File compression

Content


File compression (general)

File compressions are processes with what it is possible to reduce or rebuild (several) files at large lossless.

The following processes are known:

Process Suffix (typical) Command AIX HP-UX SunOS Linux MS-DOS Windows 95 Windows NT Source code
ZIP/PKZIP .zip zip, unzip hera (nur unzip) ? ? unzip zip, unzip, pkzip, pkunzip see DOS, winzip see Win95 ?
GZIP .gz + + + + + gzip.exe gzip.exe gzip.exe  
BZ2 .bz, .bz2 bzip2, bunzip2 - - - bzip2, bunzip2 - - - ?
ARJ .arj arj, unarj - - - unarj arj241.exe arj241.exe arj241.exe -
ARC .arc   - - - - ARCE.COM ARCE.COM ARCE.COM -
LHARC .lha lha124 - - - lha lha213.exe lha213.exe lha213.exe -
RAR .rar rar.exe - - - - RAR.EXE RAR.EXE RAR.EXE -

Without compression but to archive: TAR


Image data compression

Two basically different processes are used to compress image data (point information = Bitmaps):

Lossless compression

In general these processes search for repetitive samples in a line and archive information about them and about the number of their appearance (see example PCX). Generally original data can be reconstructed lossless from the compressed data.

Several known processes/formats :

  • PCX: original format of Paint-Brush, is used just rarely
  • BMP: Microsoft Windows standard format (RunLength-Encoding)
  • GIF: CompuServe format, (LZW; Lempel-Ziv-Welch)
  • PNG: Portable Network Graphics, is deemed to be the successor of GIF but is not animated (license free)
  • Tiff: Tag Image File (Aldus, HP, Microsoft)
The most common format is GIF. Attention: GIF, more precisely LZW, is secured by a patent of UNISYS. In the meantime the UNISYS patent is exhausted that means GIF and also LZW can be used freely.

All mentioned formats can be read and written with GIMP e.g.. BMP can be read and written with the program paint that is provided with MS Windows.

GIMP is a free OpenSource image editing program for all current system software.

Lossy compression

The basis is the assumption that not all information of an image are really n&oum;tig. The lossy processes fulfil essentially an analysis of the original image data in the frequency area, eliminate marginal parts and achieve an ratio of compression between 1:10 .. 1:200. Depending on the ratio of compression in the reconstructed image, especially in larger similar ranges, artefacts appear.

Known processes/formats:

  • JPEG: Compression 1:10 .. 1:70, cosine transformation (most common image format with compression)
  • Wavelet compression: Compression up to 1:200, function area out of Wavelets
  • Fractal compression: Search for self similar structures, so that elimination of redundant data

JPEG files are readable and can be processed more with all common image editing programs.
Look at JPEG Bibliothek when using JPEG in self-written applications.


Video compression

The basis of video compression techniques are in general lossy compression processes.
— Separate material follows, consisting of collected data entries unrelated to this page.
lemma inf_affine_concave: "convex_on {0<..} (\<lambda>s. - \<alpha> s)"
proof (rule convex_onI)
  fix t x y :: real assume t: "0 < t" "t < 1" and xy: "x \<in> {0<..}" "y \<in> {0<..}"
  have "(1 - t) * \<alpha> x + t * \<alpha> y \<le> \<alpha> ((1 - t) *\<^sub>R x + t *\<^sub>R y)"
  proof (rule inf_affine_greatest)
    fix i assume i: "i \<in> I"
    have "(1 - t) * \<alpha> x \<le> (1 - t) * (A i + x * B i)" "t * \<alpha> y \<le> t * (A i + y * B i)"
      using inf_affine_le[of _ i] xy i t by (auto intro: mult_left_mono)
    then show "(1 - t) * \<alpha> x + t * \<alpha> y \<le> A i + ((1 - t) *\<^sub>R x + t *\<^sub>R y) * B i"
      by (simp add: algebra_simps)
  qed
  then show "- \<alpha> ((1 - t) *\<^sub>R x + t *\<^sub>R y) \<le> (1 - t) * - \<alpha> x + t * - \<alpha> y" by simp
qed simp

lemma continuous_on_inf_affine: "continuous_on {0<..} \<alpha>"
  using continuous_on_minus[OF convex_on_continuous[OF _ inf_affine_concave]] by simp

lemma fixed_point_iff:
  "0 < s \<Longrightarrow> (\<alpha> s < 0 \<and> s = sqrt (- \<alpha> s)) \<longleftrightarrow> s\<^sup>2 + \<alpha> s = 0"
  by (smt (verit) real_sqrt_abs real_sqrt_pow2 zero_less_power)

lemma sq_plus_inf_affine_strict_mono: "0 < s \<Longrightarrow> s < t \<Longrightarrow> s\<^sup>2 + \<alpha> s < t\<^sup>2 + \<alpha> t"
  using inf_affine_mono[of s t] power_strict_mono[of s t 2] by simp

lemma fixed_point_sq_le: "0 < s \<Longrightarrow> s\<^sup>2 + \<alpha> s = 0 \<Longrightarrow> s\<^sup>2 \<le> L"
  using inf_affine_lower[of s] by simp

lemma fixed_point_le_ratio:
  assumes bounds: "\<And>i. i \<in> I \<Longrightarrow> \<exists>c\<ge>0. - a * c \<le> A i \<and> \<beta> * c \<le> B i"
    and \<beta>: "0 < \<beta>" and s: "0 < s" "\<alpha> s < 0"
  shows "s \<le> a / \<beta>"
proof (rule ccontr)
  assume "\<not> s \<le> a / \<beta>"
  then have "a \<le> s * \<beta>" using \<beta> by (simp add: field_simps)
  have "0 \<le> \<alpha> s"
  proof (rule inf_affine_greatest)
    fix i assume "i \<in> I"
    then obtain c where c: "0 \<le> c" "- a * c \<le> A i" "\<beta> * c \<le> B i" using bounds by blast
    have "0 \<le> c * (s * \<beta> - a)" using c \<open>a \<le> s * \<beta>\<close> by simp
    also have "\<dots> = - a * c + s * (\<beta> * c)" by (simp add: algebra_simps)
    also have "\<dots> \<le> A i + s * B i" using c s by (intro add_mono mult_left_mono) auto
    finally show "0 \<le> A i + s * B i" .
  qed
  then show False using s by simp
qed

lemma ex1_fixed_point:
  assumes "i \<in> I" "A i < 0"
  shows "\<exists>!s. 0 < s \<and> \<alpha> s < 0 \<and> s = sqrt (- \<alpha> s)"
proof -
  have "((\<lambda>s. s\<^sup>2 + (A i + s * B i)) \<longlongrightarrow> A i) (at_right 0)"
    by (auto intro!: tendsto_eq_intros)
  then have "\<forall>\<^sub>F s in at_right 0. s\<^sup>2 + (A i + s * B i) < 0"
    using assms(2) by (rule order_tendstoD)
  then obtain s0 where s0: "0 < s0" "s0\<^sup>2 + (A i + s0 * B i) < 0"
    unfolding eventually_at_right_field by (metis field_lbound_gt_zero)
  then have neg: "s0\<^sup>2 + \<alpha> s0 < 0" using inf_affine_le[OF _ assms(1), of s0] by simp
  define s1 where "s1 = max s0 (\<bar>L\<bar> + 1)"
  have "L < s1\<^sup>2" unfolding s1_def by (smt (verit) power2_eq_square mult_le_cancel_left1 max.cobounded2)
  moreover have "0 \<le> s1" using s0 unfolding s1_def by simp
  ultimately have pos: "0 < s1\<^sup>2 + \<alpha> s1" using inf_affine_lower[of s1] by simp
  have "continuous_on {s0..s1} (\<lambda>s. s\<^sup>2 + \<alpha> s)"
    using s0 by (intro continuous_intros continuous_on_subset[OF continuous_on_inf_affine]) auto
  then obtain s where s: "s0 \<le> s" "s \<le> s1" "s\<^sup>2 + \<alpha> s = 0"
    using IVT'[of "\<lambda>s. s\<^sup>2 + \<alpha> s" s0 0 s1] neg pos unfolding s1_def by force
  show ?thesis
  proof (rule ex1I)
    show "0 < s \<and> \<alpha> s < 0 \<and> s = sqrt (- \<alpha> s)" using fixed_point_iff[of s] s s0 by simp
    fix t assume "0 < t \<and> \<alpha> t < 0 \<and> t = sqrt (- \<alpha> t)"
    then show "t = s" using fixed_point_iff[of t] s s0 sq_plus_inf_affine_strict_mono
      by (smt (verit))
  qed
qed

end

lemma continuous_on_indefinite_set_integral:
  fixes f F :: "real \<Rightarrow> real"
  assumes f: "set_integrable lborel {a..c} f"
    and F: "\<forall>x\<in>{a..c}. F x = (LINT t:{a..x}|lborel. f t)"
  shows "continuous_on {a..c} F"
proof -
  have eq: "F x = integral {a..x} f" if "x \<in> {a..c}" for x
  proof -
    have "set_integrable lborel {a..x} f" by (rule set_integrable_subset[OF f]) (use that in auto)
    then show ?thesis using F that set_borel_integral_eq_integral(2) by metis
  qed
  have "continuous_on {a..c} (\<lambda>x. integral {a..x} f)"
    by (rule indefinite_integral_continuous_1[OF set_borel_integral_eq_integral(1)[OF f]])
  then show ?thesis by (subst continuous_on_cong[OF refl eq]) auto
qed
Analyses are made in appropriate frequency /function rooms just like with image compression.
  • Compression of frames: the single frames are compressed and then they are linked together
  • Difference data formation: starting with a reference frame the differences to the following frames are built in the " forward step" and only they are filed into the data stream
In general video data streams can also consist of compressed audio file.
Known processes/formats:
  • Motion JPEG based formats:
    • AVI (.avi)
    • Apple Quicktime (.mov)
  • MPEG is common in 2 video versions at present
    • MPEG-I (.mpg): standard format for video CD (Hint: DVD names only the recording process with two tracks)
    • MPEG-II (.mpg, .mp2): standard format for digital television
    MPEG-III (.mp3): process to compress clean audio files
AVI, MOV and MPG files can be played in Windows with Media-Player with the aid of AVI and MPEG Codecs (multimedia driver) or Apple Quicktime.